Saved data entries
(* Let $K>0$, $K\neq 1$, and let \[ A_6=\begin{pmatrix} K & K & 1\\ K & 1 & 1\\ 1 & 1 & 1\end{pmatrix}. \] Then $S(A_6)=XA_6X$ with $X=\operatorname{diag}(x,y,z)$, \[ y=\frac{1}{\sqrt{1+K^{1/3}+K^{2/3}}},\quad x=\frac{y}{K^{1/3}},\quad z=K^{1/3}y, \] and $S(A_6)$ is the circulant-type matrix \[ S(A_6)=\begin{pmatrix} a & b & c\\ b & c & a\\ c & a & b\end{pmatrix},\qquad a=\frac{K^{2/3}-K^{1/3}}{K-1},\quad b=\frac{K-K^{2/3}}{K-1},\quad c=\frac{K^{1/3}-1}{K-1}. \] Consequently, if $A_6^{(\ell)}=(a^{(\ell)}_{i,j})$ denotes the $\ell$th matrix of the alternate minimization sequence starting from $A_6$, then $\lim_{\ell\to\infty}\bigl((K-1)a^{(\ell)}_{1,3}+1\bigr)=K^{1/3}$, and similarly with $a^{(\ell)}_{2,2}$ or $a^{(\ell)}_{3,1}$ in place of $a^{(\ell)}_{1,3}$; for rational $K$ this gives sequences of rational numbers converging to $K^{1/3}$. Also $\lim_{K\to\infty}S(A_6)=\begin{pmatrix} 0&1&0\\1&0&0\\0&0&1\end{pmatrix}$.
   Context: For a positive $n\times n$ matrix $A$, the Sinkhorn limit $S(A)$ is the unique doubly stochastic matrix of the form $XAY$ with $X,Y$ positive diagonal matrices; it is the limit of the alternate minimization sequence obtained from $A$ by alternately row scaling (dividing each row by its row sum) and column scaling (dividing each column by its column sum). For a positive symmetric matrix $A$ there is a unique positive diagonal $X$ with $S(A)=XAX$. *)

theory Defs
  imports "HOL-Analysis.Analysis"
begin

text \<open>n x n real matrices are represented as functions nat => nat => real,
  with 0-based indices i, j < n (entry (i+1, j+1) of the paper is M i j).\<close>

definition positive_matrix :: "nat \<Rightarrow> (nat \<Rightarrow> nat \<Rightarrow> real) \<Rightarrow> bool" where
  "positive_matrix n A \<longleftrightarrow> (\<forall>i<n. \<forall>j<n. A i j > 0)"

definition doubly_stochastic :: "nat \<Rightarrow> (nat \<Rightarrow> nat \<Rightarrow> real) \<Rightarrow> bool" where
  "doubly_stochastic n M \<longleftrightarrow>
     (\<forall>i<n. \<forall>j<n. M i j \<ge> 0) \<and>
     (\<forall>i<n. (\<Sum>j<n. M i j) = 1) \<and>
     (\<forall>j<n. (\<Sum>i<n. M i j) = 1)"

text \<open>Entries outside the index range
  are normalised to 0 so that the matrix is uniquely determined.\<close>
definition sinkhorn :: "nat \<Rightarrow> (nat \<Rightarrow> nat \<Rightarrow> real) \<Rightarrow> (nat \<Rightarrow> nat \<Rightarrow> real)" where
  "sinkhorn n A = (THE M. doubly_stochastic n M \<and>
      (\<forall>i j. (n \<le> i \<or> n \<le> j) \<longrightarrow> M i j = 0) \<and>
      (\<exists>x y. (\<forall>i<n. x i > 0 \<and> y i > 0) \<and>
             (\<forall>i<n. \<forall>j<n. M i j = x i * A i j * y j)))"

definition row_scale :: "nat \<Rightarrow> (nat \<Rightarrow> nat \<Rightarrow> real) \<Rightarrow> (nat \<Rightarrow> nat \<Rightarrow> real)" where
  "row_scale n M = (\<lambda>i j. M i j / (\<Sum>k<n. M i k))"

definition col_scale :: "nat \<Rightarrow> (nat \<Rightarrow> nat \<Rightarrow> real) \<Rightarrow> (nat \<Rightarrow> nat \<Rightarrow> real)" where
  "col_scale n M = (\<lambda>i j. M i j / (\<Sum>k<n. M k j))"

fun alt_min :: "nat \<Rightarrow> (nat \<Rightarrow> nat \<Rightarrow> real) \<Rightarrow> nat \<Rightarrow> (nat \<Rightarrow> nat \<Rightarrow> real)" where
  "alt_min n A 0 = A"
| "alt_min n A (Suc l) =
     (if even l then row_scale n (alt_min n A l) else col_scale n (alt_min n A l))"

definition A6 :: "real \<Rightarrow> nat \<Rightarrow> nat \<Rightarrow> real" where
  "A6 K i j = (if i < 3 \<and> j < 3 then [[K, K, 1], [K, 1, 1], [1, 1, 1]] ! i ! j else 0)"

end

theory Submission
  imports Defs "HOL-Real_Asymp.Real_Asymp"
begin

(* Let A be symmetric and positive and let x > 0 satisfy x_i (A x)_i = 1, so that XAX is doubly
   stochastic. From the all-ones vector, the alternate minimization sequence has the form
   D_(l+1) A D_l (or its transpose), where the diagonals iterate v |-> 1 / (A v). If v lies in the
   band a x <= v <= b x, the image lies in a band whose ratio satisfies
   b'/a' - 1 <= kappa (b/a - 1), with kappa = (1 - theta^2) / (1 + theta^2) < 1 and
   theta = min A / max A; hence the sequence converges geometrically to XAX. The same contraction,
   applied to a fixed point of the twice iterated map, shows that XAX is the only doubly stochastic
   matrix PAQ. For A6 the balanced vector is y (K^(-1/3), 1, K^(1/3)); everything else is algebra
   in t = K^(1/3), based on K - 1 = (t - 1)(1 + t + t^2). *)

lemma abs_mult_sub_le_band:
  fixes a b p q u w :: real
  assumes "0 < a" "0 < p" "0 < q"
    and "a * q \<le> w" "w \<le> b * q" "p / b \<le> u" "u \<le> p / a"
  shows "\<bar>u * w - p * q\<bar> \<le> p * q * (b / a - 1)"
proof -
  define r where "r = b / a"
  have "a * q \<le> b * q"
    using assms(4,5) by linarith
  then have "a \<le> b"
    using assms(3) by simp
  then have r: "1 \<le> r" "0 < r" and b: "0 < b"
    using assms(1) by (simp_all add: r_def)
  have "0 < p / b" "0 < a * q"
    using assms(1-3) b by simp_all
  then have u: "0 \<le> u" and w: "0 \<le> w"
    using assms(4,6) by linarith+
  have "u * w \<le> (p / a) * (b * q)"
    by (rule mult_mono) (use assms w in auto)
  moreover have "(p / b) * (a * q) \<le> u * w"
    by (rule mult_mono) (use assms u in auto)
  ultimately have upper: "u * w \<le> p * q * r" and lower: "p * q / r \<le> u * w"
    using assms(1) b by (simp_all add: r_def field_simps)
  have "r * (2 - r) \<le> 1"
    using zero_le_power2[of "r - 1"] by (simp add: power2_eq_square algebra_simps)
  then have "2 - r \<le> 1 / r"
    using r by (simp add: le_divide_eq mult.commute)
  then have "p * q * (2 - r) \<le> p * q / r"
    using mult_left_mono[of "2 - r" "1 / r" "p * q"] assms(2,3) by simp
  then show ?thesis
    using upper lower by (simp add: r_def abs_le_iff algebra_simps)
qed

lemma doubly_stochastic_cong:
  assumes "\<And>i j. i < n \<Longrightarrow> j < n \<Longrightarrow> M i j = M' i j"
  shows "doubly_stochastic n M \<longleftrightarrow> doubly_stochastic n M'"
proof -
  have "(\<Sum>j<n. M i j) = (\<Sum>j<n. M' i j)" "(\<Sum>j<n. M j i) = (\<Sum>j<n. M' j i)" if "i < n" for i
    using assms that by (auto intro: sum.cong)
  then show ?thesis
    using assms by (auto simp: doubly_stochastic_def)
qed

locale symmetric_scaling =
  fixes n :: nat and A :: "nat \<Rightarrow> nat \<Rightarrow> real" and x :: "nat \<Rightarrow> real"
  assumes n_pos: "0 < n"
    and symmetric: "\<And>i j. i < n \<Longrightarrow> j < n \<Longrightarrow> A i j = A j i"
    and entries_pos: "\<And>i j. i < n \<Longrightarrow> j < n \<Longrightarrow> 0 < A i j"
    and x_pos: "\<And>i. i < n \<Longrightarrow> 0 < x i"
    and x_balanced: "\<And>i. i < n \<Longrightarrow> x i * (\<Sum>k<n. A i k * x k) = 1"
begin

definition matvec :: "(nat \<Rightarrow> real) \<Rightarrow> nat \<Rightarrow> real" where
  "matvec v i = (\<Sum>k<n. A i k * v k)"

definition scaling_step :: "(nat \<Rightarrow> real) \<Rightarrow> nat \<Rightarrow> real" where
  "scaling_step v = (\<lambda>i. 1 / matvec v i)"

definition entries :: "real set" where
  "entries = (\<lambda>(i, j). A i j) ` ({..<n} \<times> {..<n})"

definition spread :: real where
  "spread = Min entries / Max entries"

definition contraction :: real where
  "contraction = (1 - spread\<^sup>2) / (1 + spread\<^sup>2)"

definition in_band :: "real \<Rightarrow> real \<Rightarrow> (nat \<Rightarrow> real) \<Rightarrow> bool" where
  "in_band a b v \<longleftrightarrow> (\<forall>i<n. a * x i \<le> v i \<and> v i \<le> b * x i)"

lemma entries_finite: "finite entries" and entries_nonempty: "entries \<noteq> {}"
  using n_pos by (auto simp: entries_def)

lemma entry_in_entries: "i < n \<Longrightarrow> j < n \<Longrightarrow> A i j \<in> entries"
  by (force simp: entries_def)

lemma Min_entries_pos: "0 < Min entries"
  using Min_in[OF entries_finite entries_nonempty] entries_pos by (auto simp: entries_def)

lemma Min_entries_le_Max: "Min entries \<le> Max entries"
  using entry_in_entries[OF n_pos n_pos] entries_finite by (meson Max_ge Min_le order_trans)

lemma spread_pos: "0 < spread" and spread_le_one: "spread \<le> 1"
  using Min_entries_pos Min_entries_le_Max by (simp_all add: spread_def)

lemma spread_mult_le:
  assumes "i < n" "j < n" "k < n"
  shows "spread * A j k \<le> A i k"
proof -
  have max_pos: "0 < Max entries"
    using Min_entries_pos Min_entries_le_Max by linarith
  have "spread * A j k \<le> spread * Max entries"
    using spread_pos entry_in_entries[of j k] assms entries_finite
    by (intro mult_left_mono) auto
  also have "\<dots> = Min entries"
    using max_pos by (simp add: spread_def)
  also have "\<dots> \<le> A i k"
    using entry_in_entries[of i k] assms entries_finite by auto
  finally show ?thesis .
qed

lemma contraction_nonneg: "0 \<le> contraction" and contraction_less_one: "contraction < 1"
proof -
  obtain s where s: "s = spread\<^sup>2" "0 < s" "s \<le> 1"
    using spread_pos spread_le_one by (simp add: power_le_one)
  then show "0 \<le> contraction" "contraction < 1"
    unfolding contraction_def s(1)[symmetric] by (simp_all add: divide_less_eq)
qed

lemma matvec_x: "i < n \<Longrightarrow> matvec x i = 1 / x i"
  using x_balanced[of i] x_pos[of i] by (simp add: matvec_def field_simps)

lemma matvec_scale: "matvec (\<lambda>k. c * v k) i = c * matvec v i"
  by (simp add: matvec_def sum_distrib_left mult_ac)

lemma matvec_diff: "matvec (\<lambda>k. u k - w k) i = matvec u i - matvec w i"
  by (simp add: matvec_def right_diff_distrib sum_subtractf)

lemma matvec_cong: "(\<And>k. k < n \<Longrightarrow> u k = w k) \<Longrightarrow> matvec u i = matvec w i"
  by (simp add: matvec_def)

lemma matvec_pos: "(\<And>k. k < n \<Longrightarrow> 0 < v k) \<Longrightarrow> i < n \<Longrightarrow> 0 < matvec v i"
  unfolding matvec_def using n_pos entries_pos by (intro sum_pos) auto

lemma matvec_nonneg: "(\<And>k. k < n \<Longrightarrow> 0 \<le> v k) \<Longrightarrow> i < n \<Longrightarrow> 0 \<le> matvec v i"
  unfolding matvec_def using entries_pos by (intro sum_nonneg) (simp add: less_imp_le)

lemma matvec_mono:
  "(\<And>k. k < n \<Longrightarrow> u k \<le> w k) \<Longrightarrow> i < n \<Longrightarrow> matvec u i \<le> matvec w i"
  unfolding matvec_def using entries_pos by (intro sum_mono) (simp add: mult_left_mono less_imp_le)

* Your objective: Given the records above, reproduce precisely and only the lines between the line holding "applied to a" and the line holding "(2 - r) \<le> p", inclusive.

* Output of the task:
   applied to a fixed point of the twice iterated map, shows that XAX is the only doubly stochastic
   matrix PAQ. For A6 the balanced vector is y (K^(-1/3), 1, K^(1/3)); everything else is algebra
   in t = K^(1/3), based on K - 1 = (t - 1)(1 + t + t^2). *)

lemma abs_mult_sub_le_band:
  fixes a b p q u w :: real
  assumes "0 < a" "0 < p" "0 < q"
    and "a * q \<le> w" "w \<le> b * q" "p / b \<le> u" "u \<le> p / a"
  shows "\<bar>u * w - p * q\<bar> \<le> p * q * (b / a - 1)"
proof -
  define r where "r = b / a"
  have "a * q \<le> b * q"
    using assms(4,5) by linarith
  then have "a \<le> b"
    using assms(3) by simp
  then have r: "1 \<le> r" "0 < r" and b: "0 < b"
    using assms(1) by (simp_all add: r_def)
  have "0 < p / b" "0 < a * q"
    using assms(1-3) b by simp_all
  then have u: "0 \<le> u" and w: "0 \<le> w"
    using assms(4,6) by linarith+
  have "u * w \<le> (p / a) * (b * q)"
    by (rule mult_mono) (use assms w in auto)
  moreover have "(p / b) * (a * q) \<le> u * w"
    by (rule mult_mono) (use assms u in auto)
  ultimately have upper: "u * w \<le> p * q * r" and lower: "p * q / r \<le> u * w"
    using assms(1) b by (simp_all add: r_def field_simps)
  have "r * (2 - r) \<le> 1"
    using zero_le_power2[of "r - 1"] by (simp add: power2_eq_square algebra_simps)
  then have "2 - r \<le> 1 / r"
    using r by (simp add: le_divide_eq mult.commute)
  then have "p * q * (2 - r) \<le> p * q / r"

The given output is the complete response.